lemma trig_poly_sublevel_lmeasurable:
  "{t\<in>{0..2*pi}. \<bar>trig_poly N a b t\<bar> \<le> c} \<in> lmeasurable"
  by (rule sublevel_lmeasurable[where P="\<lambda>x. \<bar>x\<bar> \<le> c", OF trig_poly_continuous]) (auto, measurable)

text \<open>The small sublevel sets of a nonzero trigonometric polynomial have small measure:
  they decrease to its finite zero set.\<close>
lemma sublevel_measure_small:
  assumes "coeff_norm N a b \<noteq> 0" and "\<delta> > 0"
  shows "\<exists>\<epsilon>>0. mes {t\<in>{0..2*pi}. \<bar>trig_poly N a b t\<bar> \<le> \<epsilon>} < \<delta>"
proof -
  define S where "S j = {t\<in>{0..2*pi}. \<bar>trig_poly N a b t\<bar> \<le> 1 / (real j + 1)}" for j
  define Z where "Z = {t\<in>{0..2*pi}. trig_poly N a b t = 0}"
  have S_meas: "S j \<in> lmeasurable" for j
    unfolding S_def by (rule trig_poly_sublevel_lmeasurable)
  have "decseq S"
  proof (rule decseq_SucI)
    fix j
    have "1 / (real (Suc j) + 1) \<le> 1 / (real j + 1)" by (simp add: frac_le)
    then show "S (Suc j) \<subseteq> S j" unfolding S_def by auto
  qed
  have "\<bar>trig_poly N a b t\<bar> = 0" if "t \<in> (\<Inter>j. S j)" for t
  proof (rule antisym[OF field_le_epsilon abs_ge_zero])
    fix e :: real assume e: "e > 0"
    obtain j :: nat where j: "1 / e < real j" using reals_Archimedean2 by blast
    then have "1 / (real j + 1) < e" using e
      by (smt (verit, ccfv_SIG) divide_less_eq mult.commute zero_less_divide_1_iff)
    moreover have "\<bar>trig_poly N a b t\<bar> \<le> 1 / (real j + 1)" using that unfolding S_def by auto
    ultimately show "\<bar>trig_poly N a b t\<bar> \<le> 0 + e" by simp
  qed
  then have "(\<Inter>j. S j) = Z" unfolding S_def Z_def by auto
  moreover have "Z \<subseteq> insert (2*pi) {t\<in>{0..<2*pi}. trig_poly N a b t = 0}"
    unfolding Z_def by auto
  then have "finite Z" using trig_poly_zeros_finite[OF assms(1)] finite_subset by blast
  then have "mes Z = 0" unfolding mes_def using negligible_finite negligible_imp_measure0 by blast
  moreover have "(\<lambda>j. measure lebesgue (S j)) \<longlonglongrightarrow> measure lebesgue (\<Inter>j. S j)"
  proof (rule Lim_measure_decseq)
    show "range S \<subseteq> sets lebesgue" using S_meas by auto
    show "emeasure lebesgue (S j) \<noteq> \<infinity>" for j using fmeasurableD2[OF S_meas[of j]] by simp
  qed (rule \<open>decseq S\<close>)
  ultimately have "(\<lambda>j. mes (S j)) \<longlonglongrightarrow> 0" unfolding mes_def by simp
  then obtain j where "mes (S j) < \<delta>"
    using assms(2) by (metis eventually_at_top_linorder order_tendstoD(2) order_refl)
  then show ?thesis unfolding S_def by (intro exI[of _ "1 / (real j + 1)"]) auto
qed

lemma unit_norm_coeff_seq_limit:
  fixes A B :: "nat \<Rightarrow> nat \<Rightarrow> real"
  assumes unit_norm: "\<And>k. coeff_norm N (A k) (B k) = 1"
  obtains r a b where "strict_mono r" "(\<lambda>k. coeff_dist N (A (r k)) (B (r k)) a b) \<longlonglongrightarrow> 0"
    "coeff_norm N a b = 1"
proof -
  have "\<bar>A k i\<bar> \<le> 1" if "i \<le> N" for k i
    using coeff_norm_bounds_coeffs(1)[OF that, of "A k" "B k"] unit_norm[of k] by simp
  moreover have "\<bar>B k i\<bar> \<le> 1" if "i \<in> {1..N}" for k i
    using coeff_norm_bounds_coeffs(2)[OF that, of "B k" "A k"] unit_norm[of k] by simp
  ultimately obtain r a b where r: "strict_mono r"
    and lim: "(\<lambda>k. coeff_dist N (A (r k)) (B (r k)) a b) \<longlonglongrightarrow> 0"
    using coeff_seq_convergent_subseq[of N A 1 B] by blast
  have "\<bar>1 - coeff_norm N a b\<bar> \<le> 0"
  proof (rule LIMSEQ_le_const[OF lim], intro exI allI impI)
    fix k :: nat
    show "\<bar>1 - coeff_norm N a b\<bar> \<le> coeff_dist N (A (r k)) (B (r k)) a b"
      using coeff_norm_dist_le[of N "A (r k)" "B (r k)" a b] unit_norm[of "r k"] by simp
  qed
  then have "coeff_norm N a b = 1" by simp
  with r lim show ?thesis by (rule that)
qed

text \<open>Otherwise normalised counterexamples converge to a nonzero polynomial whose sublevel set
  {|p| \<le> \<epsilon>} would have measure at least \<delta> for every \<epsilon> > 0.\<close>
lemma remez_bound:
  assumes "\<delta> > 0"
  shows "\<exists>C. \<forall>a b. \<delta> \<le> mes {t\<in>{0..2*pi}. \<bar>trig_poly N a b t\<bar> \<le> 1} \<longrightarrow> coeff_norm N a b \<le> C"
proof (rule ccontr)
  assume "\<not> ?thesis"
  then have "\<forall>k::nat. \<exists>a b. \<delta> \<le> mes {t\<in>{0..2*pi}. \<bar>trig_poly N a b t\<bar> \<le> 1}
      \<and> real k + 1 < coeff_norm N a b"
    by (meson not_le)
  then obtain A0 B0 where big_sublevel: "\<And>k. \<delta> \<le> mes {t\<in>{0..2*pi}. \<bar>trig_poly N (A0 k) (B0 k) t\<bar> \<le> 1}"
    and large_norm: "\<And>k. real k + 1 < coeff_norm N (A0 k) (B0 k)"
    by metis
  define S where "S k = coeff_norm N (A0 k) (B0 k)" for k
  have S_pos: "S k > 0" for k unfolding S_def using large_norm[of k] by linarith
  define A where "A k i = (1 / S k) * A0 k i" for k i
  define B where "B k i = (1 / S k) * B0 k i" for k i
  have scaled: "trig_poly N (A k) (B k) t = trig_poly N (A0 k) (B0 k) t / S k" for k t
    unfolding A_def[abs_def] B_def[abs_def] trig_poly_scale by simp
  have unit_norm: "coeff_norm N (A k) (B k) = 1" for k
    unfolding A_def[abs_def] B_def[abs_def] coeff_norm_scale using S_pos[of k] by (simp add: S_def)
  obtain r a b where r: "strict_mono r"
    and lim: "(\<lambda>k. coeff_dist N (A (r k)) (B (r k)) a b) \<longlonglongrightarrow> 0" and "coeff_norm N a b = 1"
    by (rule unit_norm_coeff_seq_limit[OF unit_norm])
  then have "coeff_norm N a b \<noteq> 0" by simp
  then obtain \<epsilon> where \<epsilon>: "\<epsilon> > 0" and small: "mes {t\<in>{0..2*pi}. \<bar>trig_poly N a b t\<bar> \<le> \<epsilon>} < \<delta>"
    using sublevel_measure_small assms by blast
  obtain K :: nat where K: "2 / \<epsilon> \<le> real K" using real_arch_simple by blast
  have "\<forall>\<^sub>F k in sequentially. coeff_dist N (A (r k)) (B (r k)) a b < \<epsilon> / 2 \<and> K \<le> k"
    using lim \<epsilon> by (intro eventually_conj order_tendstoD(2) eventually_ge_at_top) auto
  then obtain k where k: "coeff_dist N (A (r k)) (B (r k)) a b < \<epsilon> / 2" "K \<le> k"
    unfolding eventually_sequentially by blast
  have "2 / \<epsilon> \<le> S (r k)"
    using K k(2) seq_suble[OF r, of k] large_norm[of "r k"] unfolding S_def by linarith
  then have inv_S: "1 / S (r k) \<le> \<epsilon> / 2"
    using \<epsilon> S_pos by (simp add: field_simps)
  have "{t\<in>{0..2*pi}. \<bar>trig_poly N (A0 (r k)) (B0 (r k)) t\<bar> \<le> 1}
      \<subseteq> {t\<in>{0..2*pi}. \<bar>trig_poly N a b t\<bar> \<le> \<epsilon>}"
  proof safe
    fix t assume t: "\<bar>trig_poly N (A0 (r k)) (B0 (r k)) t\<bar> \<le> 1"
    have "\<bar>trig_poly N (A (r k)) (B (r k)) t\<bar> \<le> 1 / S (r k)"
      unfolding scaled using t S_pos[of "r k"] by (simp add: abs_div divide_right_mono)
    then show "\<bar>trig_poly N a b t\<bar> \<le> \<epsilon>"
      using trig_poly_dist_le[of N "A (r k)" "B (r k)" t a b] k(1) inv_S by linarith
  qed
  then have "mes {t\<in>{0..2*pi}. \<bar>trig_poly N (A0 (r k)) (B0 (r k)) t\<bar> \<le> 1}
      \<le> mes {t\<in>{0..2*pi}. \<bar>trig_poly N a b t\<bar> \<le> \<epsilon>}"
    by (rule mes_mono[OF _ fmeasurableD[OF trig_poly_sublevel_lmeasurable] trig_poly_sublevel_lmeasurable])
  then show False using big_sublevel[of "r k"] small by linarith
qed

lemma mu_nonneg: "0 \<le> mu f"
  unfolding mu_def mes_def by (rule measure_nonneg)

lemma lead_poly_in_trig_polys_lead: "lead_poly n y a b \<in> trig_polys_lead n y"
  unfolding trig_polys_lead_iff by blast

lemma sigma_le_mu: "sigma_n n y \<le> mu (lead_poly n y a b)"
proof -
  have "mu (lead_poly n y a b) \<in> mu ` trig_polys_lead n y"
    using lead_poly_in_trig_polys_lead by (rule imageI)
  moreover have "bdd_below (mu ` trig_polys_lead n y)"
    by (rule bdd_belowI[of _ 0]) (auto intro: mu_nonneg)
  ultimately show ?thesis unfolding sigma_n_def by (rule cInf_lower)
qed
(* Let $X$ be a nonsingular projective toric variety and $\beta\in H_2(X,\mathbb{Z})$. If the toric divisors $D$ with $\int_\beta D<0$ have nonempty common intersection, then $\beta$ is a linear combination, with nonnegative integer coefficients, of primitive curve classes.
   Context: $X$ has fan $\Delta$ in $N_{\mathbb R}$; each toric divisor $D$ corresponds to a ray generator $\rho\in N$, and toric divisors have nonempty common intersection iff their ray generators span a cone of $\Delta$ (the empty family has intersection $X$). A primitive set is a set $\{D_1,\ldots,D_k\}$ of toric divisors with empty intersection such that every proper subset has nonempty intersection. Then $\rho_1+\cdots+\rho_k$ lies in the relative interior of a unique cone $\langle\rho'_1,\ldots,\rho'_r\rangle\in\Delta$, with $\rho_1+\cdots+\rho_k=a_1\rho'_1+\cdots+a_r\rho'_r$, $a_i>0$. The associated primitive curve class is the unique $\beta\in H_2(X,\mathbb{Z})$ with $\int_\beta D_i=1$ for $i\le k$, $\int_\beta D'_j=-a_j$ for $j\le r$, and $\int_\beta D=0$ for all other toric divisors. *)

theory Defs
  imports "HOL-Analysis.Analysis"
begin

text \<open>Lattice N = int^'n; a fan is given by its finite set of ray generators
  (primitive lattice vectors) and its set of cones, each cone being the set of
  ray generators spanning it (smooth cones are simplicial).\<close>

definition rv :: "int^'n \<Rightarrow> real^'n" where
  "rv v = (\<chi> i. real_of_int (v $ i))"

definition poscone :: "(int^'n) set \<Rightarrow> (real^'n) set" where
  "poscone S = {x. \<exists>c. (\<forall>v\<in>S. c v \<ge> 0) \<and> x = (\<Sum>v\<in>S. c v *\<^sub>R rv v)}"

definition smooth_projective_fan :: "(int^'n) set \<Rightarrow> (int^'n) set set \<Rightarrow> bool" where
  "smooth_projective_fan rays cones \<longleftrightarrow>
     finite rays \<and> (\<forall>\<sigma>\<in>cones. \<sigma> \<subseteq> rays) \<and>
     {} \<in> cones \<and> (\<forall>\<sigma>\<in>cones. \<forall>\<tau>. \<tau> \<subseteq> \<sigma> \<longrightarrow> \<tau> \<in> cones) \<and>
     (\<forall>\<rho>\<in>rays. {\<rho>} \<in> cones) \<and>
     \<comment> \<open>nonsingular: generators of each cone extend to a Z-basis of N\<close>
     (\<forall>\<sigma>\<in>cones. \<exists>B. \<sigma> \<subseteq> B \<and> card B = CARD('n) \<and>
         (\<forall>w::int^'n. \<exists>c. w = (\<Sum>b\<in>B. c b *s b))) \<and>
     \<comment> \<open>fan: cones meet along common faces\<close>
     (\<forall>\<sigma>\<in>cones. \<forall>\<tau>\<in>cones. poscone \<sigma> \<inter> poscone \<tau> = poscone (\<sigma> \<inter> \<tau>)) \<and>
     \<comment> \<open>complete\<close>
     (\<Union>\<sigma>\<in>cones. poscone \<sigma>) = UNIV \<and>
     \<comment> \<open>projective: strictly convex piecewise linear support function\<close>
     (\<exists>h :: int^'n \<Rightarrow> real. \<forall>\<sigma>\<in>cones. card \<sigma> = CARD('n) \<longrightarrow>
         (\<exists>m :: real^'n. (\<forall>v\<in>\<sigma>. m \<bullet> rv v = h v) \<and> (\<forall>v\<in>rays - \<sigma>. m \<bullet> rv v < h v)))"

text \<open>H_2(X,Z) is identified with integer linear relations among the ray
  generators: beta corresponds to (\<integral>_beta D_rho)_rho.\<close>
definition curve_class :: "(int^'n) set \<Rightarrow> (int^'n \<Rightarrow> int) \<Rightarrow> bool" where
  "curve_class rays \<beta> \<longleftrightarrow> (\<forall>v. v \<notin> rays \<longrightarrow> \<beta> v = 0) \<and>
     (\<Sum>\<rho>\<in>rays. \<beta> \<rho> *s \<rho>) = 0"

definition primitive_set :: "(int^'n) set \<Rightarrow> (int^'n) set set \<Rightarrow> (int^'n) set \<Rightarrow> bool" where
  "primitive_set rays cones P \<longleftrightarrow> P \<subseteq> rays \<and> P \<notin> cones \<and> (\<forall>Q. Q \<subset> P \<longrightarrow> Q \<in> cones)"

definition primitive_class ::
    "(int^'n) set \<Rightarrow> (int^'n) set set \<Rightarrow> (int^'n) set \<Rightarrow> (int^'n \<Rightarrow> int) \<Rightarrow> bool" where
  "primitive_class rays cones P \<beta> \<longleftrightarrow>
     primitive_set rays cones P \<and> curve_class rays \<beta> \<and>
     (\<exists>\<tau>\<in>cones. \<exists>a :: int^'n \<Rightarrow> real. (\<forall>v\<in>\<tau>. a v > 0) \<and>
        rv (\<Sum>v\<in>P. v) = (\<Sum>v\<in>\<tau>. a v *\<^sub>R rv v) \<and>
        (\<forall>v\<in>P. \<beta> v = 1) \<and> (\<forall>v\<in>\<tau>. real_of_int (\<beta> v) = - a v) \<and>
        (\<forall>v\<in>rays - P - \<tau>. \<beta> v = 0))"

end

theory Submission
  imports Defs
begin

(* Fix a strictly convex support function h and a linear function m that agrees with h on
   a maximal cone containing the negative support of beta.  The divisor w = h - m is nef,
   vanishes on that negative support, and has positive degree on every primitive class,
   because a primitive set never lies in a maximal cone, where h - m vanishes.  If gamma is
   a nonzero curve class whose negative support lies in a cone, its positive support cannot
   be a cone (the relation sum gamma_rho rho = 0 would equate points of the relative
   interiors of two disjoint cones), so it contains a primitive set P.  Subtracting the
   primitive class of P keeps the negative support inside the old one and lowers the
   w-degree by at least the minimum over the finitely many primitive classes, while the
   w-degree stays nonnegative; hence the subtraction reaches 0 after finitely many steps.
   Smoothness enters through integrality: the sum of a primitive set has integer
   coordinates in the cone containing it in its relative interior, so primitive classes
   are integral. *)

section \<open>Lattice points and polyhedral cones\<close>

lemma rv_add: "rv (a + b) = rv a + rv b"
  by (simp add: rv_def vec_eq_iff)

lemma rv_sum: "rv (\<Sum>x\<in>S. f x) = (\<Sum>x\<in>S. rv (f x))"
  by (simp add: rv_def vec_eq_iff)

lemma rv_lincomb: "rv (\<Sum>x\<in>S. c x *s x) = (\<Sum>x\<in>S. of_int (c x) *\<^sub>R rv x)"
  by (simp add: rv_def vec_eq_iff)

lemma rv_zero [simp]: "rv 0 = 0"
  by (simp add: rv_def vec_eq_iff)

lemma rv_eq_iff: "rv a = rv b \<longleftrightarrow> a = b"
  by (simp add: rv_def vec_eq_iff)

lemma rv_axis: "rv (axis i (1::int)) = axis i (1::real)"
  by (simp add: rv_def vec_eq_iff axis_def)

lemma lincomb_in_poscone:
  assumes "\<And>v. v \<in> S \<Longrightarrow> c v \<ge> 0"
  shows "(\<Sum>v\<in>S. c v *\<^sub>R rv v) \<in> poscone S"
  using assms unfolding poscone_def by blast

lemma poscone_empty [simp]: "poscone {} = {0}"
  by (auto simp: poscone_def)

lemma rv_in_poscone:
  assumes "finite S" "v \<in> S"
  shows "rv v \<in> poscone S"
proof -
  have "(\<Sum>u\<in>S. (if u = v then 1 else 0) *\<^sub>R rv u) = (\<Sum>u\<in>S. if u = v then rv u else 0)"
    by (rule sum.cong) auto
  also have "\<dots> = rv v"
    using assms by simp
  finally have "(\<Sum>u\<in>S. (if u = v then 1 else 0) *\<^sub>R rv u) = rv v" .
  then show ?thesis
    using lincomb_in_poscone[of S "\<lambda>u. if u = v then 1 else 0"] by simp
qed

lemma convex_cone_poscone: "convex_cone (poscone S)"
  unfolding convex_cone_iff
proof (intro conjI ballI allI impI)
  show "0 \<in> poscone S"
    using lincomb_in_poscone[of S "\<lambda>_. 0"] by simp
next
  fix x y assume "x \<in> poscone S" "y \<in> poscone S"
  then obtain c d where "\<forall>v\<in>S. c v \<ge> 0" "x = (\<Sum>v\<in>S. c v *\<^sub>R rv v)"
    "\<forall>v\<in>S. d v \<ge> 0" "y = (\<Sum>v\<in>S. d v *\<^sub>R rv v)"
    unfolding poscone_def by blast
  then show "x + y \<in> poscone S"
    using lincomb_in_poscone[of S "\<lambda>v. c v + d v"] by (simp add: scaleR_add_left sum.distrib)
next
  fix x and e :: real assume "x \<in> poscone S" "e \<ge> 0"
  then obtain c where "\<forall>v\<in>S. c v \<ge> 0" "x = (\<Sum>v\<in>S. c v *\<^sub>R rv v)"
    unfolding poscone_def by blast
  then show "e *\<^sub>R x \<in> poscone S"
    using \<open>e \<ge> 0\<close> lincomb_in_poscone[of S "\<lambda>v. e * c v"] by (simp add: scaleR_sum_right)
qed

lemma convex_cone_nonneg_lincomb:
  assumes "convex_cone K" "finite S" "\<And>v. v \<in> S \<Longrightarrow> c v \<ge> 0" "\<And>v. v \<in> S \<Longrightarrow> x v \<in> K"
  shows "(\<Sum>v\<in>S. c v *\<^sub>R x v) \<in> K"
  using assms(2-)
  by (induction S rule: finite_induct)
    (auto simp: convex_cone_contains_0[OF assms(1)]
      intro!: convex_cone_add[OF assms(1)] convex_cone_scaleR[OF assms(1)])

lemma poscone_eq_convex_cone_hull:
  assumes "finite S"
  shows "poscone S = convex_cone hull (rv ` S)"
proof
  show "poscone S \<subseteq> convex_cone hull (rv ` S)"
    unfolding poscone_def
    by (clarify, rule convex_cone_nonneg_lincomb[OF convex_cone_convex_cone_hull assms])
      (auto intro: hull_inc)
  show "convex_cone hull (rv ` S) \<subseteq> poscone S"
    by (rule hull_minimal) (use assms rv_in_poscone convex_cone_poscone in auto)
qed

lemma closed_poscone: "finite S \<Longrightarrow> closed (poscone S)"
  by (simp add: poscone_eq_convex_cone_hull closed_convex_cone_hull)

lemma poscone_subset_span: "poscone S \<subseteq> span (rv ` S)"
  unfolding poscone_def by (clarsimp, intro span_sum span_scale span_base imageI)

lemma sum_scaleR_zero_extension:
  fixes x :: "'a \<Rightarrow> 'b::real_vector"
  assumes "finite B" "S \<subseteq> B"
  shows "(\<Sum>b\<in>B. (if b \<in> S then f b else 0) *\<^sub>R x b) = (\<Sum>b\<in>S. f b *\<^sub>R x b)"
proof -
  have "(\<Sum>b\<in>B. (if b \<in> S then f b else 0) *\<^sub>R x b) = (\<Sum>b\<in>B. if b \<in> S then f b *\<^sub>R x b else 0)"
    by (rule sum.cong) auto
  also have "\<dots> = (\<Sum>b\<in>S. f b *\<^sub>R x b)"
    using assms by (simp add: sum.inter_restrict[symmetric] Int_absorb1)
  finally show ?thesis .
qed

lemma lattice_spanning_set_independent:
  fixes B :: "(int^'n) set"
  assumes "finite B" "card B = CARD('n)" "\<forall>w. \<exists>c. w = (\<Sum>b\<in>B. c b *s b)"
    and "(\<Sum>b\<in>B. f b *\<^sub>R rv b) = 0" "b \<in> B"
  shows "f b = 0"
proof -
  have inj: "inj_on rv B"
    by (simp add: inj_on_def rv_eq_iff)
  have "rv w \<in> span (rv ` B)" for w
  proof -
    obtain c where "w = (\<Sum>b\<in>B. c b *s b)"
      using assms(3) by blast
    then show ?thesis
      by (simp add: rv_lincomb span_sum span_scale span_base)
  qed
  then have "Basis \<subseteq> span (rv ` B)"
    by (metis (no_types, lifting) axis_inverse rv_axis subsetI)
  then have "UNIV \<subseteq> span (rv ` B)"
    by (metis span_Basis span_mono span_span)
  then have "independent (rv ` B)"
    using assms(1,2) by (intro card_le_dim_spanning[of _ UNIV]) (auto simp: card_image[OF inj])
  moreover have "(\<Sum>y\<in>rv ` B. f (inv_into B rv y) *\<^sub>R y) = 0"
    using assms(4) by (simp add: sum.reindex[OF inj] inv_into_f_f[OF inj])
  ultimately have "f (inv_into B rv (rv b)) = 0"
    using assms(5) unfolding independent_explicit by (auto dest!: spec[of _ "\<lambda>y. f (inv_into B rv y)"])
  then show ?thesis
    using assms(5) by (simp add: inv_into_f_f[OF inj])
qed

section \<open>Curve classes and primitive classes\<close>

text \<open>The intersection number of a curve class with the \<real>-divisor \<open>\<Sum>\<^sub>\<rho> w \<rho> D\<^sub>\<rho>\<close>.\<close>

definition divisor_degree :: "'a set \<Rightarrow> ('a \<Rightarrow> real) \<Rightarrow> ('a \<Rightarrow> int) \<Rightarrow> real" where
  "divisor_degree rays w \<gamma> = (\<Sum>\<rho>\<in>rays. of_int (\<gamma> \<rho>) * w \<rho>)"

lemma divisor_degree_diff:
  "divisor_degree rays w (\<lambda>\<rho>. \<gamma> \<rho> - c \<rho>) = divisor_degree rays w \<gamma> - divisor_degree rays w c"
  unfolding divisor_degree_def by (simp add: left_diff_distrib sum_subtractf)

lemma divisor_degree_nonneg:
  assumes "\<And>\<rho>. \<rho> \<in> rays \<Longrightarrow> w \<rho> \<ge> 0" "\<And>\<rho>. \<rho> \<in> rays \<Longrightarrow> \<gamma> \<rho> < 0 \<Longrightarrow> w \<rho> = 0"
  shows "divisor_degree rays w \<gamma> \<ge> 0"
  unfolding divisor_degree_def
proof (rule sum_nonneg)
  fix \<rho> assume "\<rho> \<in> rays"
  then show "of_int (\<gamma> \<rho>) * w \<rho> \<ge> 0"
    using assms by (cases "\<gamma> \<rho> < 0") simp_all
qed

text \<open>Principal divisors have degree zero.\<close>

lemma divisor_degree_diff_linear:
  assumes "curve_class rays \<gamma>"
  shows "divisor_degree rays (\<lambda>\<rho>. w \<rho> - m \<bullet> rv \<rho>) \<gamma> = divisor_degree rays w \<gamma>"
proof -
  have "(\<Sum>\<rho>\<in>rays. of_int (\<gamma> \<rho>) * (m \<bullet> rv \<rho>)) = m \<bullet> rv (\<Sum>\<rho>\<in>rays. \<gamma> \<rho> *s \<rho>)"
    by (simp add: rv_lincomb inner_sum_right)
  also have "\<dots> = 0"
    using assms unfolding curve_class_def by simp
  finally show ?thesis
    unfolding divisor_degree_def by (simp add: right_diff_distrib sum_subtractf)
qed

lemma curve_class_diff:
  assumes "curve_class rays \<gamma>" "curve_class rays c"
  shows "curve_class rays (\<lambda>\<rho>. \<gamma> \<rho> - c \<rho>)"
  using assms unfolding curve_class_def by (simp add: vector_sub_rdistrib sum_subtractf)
::::::::
TASK DIRECTIONS: Write out every line of the data that holds the word "integer".

FINISHED TASK:
(* Let $X$ be a nonsingular projective toric variety and $\beta\in H_2(X,\mathbb{Z})$. If the toric divisors $D$ with $\int_\beta D<0$ have nonempty common intersection, then $\beta$ is a linear combination, with nonnegative integer coefficients, of primitive curve classes.
text \<open>H_2(X,Z) is identified with integer linear relations among the ray
   Smoothness enters through integrality: the sum of a primitive set has integer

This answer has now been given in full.